Task details:
In the records below, find the line holding "Context: Gessel's walks" and the line holding "theory Defs". Set down both, with every line between them, exactly.

Task material:
====================

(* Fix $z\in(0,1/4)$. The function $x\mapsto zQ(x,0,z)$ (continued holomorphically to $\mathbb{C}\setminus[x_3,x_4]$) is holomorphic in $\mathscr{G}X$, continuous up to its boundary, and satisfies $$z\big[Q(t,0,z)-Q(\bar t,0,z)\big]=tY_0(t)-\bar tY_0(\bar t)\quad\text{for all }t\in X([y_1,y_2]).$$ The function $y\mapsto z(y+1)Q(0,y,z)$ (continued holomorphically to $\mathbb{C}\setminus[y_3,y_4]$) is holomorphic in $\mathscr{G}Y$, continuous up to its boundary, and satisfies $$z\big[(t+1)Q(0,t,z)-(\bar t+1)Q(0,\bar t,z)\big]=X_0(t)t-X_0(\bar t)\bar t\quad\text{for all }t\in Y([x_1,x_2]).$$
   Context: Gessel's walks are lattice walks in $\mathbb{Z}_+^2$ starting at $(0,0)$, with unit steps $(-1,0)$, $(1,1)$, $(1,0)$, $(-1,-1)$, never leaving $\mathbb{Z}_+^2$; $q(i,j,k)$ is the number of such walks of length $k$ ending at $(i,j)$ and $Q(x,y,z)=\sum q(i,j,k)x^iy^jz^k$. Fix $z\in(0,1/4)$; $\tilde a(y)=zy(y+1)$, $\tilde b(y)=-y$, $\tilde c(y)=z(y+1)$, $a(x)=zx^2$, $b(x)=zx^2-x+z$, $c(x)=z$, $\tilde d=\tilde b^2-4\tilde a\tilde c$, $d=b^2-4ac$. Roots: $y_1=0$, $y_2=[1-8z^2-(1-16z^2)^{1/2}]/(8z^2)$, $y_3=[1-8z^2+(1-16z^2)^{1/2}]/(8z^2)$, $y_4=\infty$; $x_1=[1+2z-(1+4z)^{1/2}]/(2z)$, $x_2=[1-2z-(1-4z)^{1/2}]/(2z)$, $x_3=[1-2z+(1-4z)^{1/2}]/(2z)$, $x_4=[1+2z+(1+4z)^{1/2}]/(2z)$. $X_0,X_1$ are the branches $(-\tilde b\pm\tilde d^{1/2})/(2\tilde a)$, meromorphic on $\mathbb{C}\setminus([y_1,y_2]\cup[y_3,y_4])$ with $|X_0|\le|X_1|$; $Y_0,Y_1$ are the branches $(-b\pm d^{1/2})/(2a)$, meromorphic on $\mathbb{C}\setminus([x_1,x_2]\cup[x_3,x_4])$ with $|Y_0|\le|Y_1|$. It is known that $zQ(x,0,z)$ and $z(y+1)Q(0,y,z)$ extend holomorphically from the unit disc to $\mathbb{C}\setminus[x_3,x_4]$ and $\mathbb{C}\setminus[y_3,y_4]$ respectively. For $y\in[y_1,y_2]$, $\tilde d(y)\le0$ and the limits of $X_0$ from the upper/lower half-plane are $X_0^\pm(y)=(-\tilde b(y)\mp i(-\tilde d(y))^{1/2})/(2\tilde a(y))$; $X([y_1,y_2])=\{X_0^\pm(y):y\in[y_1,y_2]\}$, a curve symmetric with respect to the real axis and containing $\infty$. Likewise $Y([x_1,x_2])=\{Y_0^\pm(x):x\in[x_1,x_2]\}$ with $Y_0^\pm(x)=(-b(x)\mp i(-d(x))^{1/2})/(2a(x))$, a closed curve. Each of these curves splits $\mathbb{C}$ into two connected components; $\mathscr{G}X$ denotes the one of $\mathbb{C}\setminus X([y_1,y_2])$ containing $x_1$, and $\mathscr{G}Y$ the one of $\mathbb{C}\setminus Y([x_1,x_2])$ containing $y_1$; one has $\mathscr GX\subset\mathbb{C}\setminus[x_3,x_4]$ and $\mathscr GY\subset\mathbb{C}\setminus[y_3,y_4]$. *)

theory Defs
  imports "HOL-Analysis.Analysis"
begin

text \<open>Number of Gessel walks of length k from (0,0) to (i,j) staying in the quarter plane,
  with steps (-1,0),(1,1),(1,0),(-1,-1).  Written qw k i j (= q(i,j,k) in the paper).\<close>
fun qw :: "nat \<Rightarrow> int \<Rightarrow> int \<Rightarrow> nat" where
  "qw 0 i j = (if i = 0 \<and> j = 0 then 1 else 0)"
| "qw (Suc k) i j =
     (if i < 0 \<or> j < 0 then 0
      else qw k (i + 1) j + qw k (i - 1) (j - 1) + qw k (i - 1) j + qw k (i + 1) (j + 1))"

====================

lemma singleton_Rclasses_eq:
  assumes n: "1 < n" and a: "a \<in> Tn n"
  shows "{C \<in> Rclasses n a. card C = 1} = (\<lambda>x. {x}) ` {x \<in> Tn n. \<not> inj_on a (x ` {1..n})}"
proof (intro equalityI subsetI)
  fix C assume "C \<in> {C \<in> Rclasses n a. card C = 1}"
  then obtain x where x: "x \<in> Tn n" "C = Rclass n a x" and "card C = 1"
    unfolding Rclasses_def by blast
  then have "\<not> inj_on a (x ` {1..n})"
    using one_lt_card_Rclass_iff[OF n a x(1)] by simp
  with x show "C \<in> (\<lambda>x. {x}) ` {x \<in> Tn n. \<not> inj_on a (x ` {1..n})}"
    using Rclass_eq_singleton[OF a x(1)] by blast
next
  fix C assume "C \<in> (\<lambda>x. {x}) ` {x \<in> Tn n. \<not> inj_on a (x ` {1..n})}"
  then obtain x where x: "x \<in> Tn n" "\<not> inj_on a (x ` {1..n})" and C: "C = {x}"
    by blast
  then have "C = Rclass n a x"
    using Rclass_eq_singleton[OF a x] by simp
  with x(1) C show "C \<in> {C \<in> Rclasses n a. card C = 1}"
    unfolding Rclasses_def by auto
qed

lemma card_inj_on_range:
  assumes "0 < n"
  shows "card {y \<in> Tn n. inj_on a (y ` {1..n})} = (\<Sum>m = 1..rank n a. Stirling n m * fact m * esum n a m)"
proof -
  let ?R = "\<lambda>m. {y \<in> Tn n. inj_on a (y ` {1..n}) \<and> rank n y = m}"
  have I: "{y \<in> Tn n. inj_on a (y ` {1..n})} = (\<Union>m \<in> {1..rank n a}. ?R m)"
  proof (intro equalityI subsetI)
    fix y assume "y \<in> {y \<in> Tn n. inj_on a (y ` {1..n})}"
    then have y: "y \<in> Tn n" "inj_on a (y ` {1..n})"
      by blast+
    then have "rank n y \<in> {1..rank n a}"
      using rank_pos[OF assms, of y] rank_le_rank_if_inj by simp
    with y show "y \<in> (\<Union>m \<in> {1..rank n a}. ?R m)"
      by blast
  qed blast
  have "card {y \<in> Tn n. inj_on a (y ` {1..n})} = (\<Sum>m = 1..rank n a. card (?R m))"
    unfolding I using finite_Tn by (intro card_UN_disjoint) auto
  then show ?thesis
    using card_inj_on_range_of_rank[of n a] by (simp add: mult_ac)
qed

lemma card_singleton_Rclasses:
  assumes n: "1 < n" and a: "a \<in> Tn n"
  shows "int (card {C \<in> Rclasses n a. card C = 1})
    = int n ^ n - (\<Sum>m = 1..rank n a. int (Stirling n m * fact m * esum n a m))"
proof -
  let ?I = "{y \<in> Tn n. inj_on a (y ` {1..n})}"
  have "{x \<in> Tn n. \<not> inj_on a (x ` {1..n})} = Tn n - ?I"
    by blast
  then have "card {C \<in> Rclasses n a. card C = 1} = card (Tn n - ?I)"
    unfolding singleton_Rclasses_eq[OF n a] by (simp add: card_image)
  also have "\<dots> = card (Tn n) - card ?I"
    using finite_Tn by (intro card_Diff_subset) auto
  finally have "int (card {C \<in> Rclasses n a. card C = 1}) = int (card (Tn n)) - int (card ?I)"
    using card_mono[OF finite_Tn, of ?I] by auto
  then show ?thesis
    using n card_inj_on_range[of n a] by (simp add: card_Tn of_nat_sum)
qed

====================

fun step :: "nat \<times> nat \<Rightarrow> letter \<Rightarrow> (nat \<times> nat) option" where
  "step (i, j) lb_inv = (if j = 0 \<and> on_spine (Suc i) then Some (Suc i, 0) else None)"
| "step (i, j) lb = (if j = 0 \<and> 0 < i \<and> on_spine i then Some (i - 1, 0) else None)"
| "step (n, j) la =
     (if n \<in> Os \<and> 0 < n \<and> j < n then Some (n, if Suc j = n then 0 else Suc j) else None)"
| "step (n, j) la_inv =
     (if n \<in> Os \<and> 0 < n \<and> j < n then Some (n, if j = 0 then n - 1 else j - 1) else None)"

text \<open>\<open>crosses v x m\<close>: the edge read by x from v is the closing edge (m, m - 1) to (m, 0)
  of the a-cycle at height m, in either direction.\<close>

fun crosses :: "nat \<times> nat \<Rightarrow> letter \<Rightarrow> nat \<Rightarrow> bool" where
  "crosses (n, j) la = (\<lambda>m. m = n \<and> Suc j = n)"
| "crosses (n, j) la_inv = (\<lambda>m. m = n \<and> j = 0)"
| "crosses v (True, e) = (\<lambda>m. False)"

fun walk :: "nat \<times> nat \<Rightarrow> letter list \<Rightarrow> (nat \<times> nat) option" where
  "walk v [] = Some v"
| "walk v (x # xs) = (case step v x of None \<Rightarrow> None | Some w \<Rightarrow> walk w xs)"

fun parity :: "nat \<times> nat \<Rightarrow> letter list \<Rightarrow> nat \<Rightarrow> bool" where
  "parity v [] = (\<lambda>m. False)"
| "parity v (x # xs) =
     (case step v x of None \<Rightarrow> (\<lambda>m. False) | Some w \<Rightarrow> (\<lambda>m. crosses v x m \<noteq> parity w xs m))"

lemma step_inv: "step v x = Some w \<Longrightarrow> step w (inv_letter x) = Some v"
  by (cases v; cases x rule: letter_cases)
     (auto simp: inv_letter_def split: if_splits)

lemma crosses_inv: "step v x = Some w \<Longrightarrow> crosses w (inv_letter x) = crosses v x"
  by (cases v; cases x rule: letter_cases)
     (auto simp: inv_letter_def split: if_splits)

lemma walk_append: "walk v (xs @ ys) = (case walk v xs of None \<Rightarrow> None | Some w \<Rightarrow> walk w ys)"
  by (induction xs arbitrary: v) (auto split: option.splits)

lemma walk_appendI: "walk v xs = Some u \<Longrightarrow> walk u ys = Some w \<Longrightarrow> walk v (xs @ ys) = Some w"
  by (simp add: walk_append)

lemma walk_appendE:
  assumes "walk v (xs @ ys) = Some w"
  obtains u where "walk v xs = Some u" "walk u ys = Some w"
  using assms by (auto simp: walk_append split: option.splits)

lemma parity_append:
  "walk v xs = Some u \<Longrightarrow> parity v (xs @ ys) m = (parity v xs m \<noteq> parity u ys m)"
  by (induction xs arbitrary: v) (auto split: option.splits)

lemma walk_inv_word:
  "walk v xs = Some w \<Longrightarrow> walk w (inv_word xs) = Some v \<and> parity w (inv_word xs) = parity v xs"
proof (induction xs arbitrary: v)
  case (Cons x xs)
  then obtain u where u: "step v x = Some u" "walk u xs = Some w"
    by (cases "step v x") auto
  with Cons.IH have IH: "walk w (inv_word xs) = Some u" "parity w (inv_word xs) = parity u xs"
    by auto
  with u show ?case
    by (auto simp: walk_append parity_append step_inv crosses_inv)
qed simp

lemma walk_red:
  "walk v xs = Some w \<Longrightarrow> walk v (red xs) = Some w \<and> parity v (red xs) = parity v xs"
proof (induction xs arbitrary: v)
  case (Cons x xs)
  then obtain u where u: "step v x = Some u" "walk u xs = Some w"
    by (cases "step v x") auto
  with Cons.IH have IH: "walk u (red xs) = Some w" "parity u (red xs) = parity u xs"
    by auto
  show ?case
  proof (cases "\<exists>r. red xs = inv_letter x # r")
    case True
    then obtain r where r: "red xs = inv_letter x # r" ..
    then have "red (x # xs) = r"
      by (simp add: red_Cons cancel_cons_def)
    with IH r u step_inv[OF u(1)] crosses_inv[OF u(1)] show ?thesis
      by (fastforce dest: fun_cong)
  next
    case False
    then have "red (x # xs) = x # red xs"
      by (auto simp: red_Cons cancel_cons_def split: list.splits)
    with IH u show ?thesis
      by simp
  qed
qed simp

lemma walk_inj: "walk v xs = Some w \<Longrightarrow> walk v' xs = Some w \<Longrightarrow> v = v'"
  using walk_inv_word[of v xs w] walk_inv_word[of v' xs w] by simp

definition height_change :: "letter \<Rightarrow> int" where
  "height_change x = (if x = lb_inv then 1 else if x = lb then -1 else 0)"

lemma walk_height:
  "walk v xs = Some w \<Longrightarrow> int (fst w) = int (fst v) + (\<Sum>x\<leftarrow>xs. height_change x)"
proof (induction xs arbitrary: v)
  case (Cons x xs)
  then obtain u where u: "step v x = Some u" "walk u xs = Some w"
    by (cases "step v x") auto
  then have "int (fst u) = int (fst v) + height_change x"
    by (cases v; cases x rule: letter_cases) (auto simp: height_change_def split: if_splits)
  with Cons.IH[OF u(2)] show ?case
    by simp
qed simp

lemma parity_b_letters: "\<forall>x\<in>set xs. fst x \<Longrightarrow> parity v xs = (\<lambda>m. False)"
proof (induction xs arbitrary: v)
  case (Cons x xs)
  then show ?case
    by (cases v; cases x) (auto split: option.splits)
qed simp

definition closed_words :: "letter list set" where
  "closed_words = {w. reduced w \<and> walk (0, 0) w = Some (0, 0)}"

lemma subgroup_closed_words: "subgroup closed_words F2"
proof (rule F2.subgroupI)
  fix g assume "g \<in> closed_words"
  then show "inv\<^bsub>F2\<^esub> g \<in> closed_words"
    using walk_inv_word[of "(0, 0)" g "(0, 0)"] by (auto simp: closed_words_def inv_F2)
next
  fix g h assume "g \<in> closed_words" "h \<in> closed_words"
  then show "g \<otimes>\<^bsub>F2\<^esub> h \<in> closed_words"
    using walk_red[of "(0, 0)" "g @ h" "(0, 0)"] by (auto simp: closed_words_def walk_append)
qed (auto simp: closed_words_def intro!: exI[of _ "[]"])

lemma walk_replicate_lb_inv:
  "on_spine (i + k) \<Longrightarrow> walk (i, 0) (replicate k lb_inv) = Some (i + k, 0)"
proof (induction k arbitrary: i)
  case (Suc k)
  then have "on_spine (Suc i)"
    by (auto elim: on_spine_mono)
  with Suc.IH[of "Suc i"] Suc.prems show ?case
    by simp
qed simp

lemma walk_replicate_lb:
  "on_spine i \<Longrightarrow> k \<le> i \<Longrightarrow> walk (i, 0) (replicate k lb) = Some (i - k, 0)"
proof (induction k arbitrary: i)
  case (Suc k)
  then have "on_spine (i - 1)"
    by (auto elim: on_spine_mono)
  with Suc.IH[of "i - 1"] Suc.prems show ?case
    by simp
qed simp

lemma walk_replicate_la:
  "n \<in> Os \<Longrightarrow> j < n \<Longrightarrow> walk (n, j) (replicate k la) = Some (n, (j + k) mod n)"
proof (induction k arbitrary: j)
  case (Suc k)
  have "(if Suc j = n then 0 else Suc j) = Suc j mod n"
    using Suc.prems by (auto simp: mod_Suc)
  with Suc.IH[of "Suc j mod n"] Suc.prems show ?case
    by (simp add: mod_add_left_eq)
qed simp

====================

Your response:
   Context: Gessel's walks are lattice walks in $\mathbb{Z}_+^2$ starting at $(0,0)$, with unit steps $(-1,0)$, $(1,1)$, $(1,0)$, $(-1,-1)$, never leaving $\mathbb{Z}_+^2$; $q(i,j,k)$ is the number of such walks of length $k$ ending at $(i,j)$ and $Q(x,y,z)=\sum q(i,j,k)x^iy^jz^k$. Fix $z\in(0,1/4)$; $\tilde a(y)=zy(y+1)$, $\tilde b(y)=-y$, $\tilde c(y)=z(y+1)$, $a(x)=zx^2$, $b(x)=zx^2-x+z$, $c(x)=z$, $\tilde d=\tilde b^2-4\tilde a\tilde c$, $d=b^2-4ac$. Roots: $y_1=0$, $y_2=[1-8z^2-(1-16z^2)^{1/2}]/(8z^2)$, $y_3=[1-8z^2+(1-16z^2)^{1/2}]/(8z^2)$, $y_4=\infty$; $x_1=[1+2z-(1+4z)^{1/2}]/(2z)$, $x_2=[1-2z-(1-4z)^{1/2}]/(2z)$, $x_3=[1-2z+(1-4z)^{1/2}]/(2z)$, $x_4=[1+2z+(1+4z)^{1/2}]/(2z)$. $X_0,X_1$ are the branches $(-\tilde b\pm\tilde d^{1/2})/(2\tilde a)$, meromorphic on $\mathbb{C}\setminus([y_1,y_2]\cup[y_3,y_4])$ with $|X_0|\le|X_1|$; $Y_0,Y_1$ are the branches $(-b\pm d^{1/2})/(2a)$, meromorphic on $\mathbb{C}\setminus([x_1,x_2]\cup[x_3,x_4])$ with $|Y_0|\le|Y_1|$. It is known that $zQ(x,0,z)$ and $z(y+1)Q(0,y,z)$ extend holomorphically from the unit disc to $\mathbb{C}\setminus[x_3,x_4]$ and $\mathbb{C}\setminus[y_3,y_4]$ respectively. For $y\in[y_1,y_2]$, $\tilde d(y)\le0$ and the limits of $X_0$ from the upper/lower half-plane are $X_0^\pm(y)=(-\tilde b(y)\mp i(-\tilde d(y))^{1/2})/(2\tilde a(y))$; $X([y_1,y_2])=\{X_0^\pm(y):y\in[y_1,y_2]\}$, a curve symmetric with respect to the real axis and containing $\infty$. Likewise $Y([x_1,x_2])=\{Y_0^\pm(x):x\in[x_1,x_2]\}$ with $Y_0^\pm(x)=(-b(x)\mp i(-d(x))^{1/2})/(2a(x))$, a closed curve. Each of these curves splits $\mathbb{C}$ into two connected components; $\mathscr{G}X$ denotes the one of $\mathbb{C}\setminus X([y_1,y_2])$ containing $x_1$, and $\mathscr{G}Y$ the one of $\mathbb{C}\setminus Y([x_1,x_2])$ containing $y_1$; one has $\mathscr GX\subset\mathbb{C}\setminus[x_3,x_4]$ and $\mathscr GY\subset\mathbb{C}\setminus[y_3,y_4]$. *)

theory Defs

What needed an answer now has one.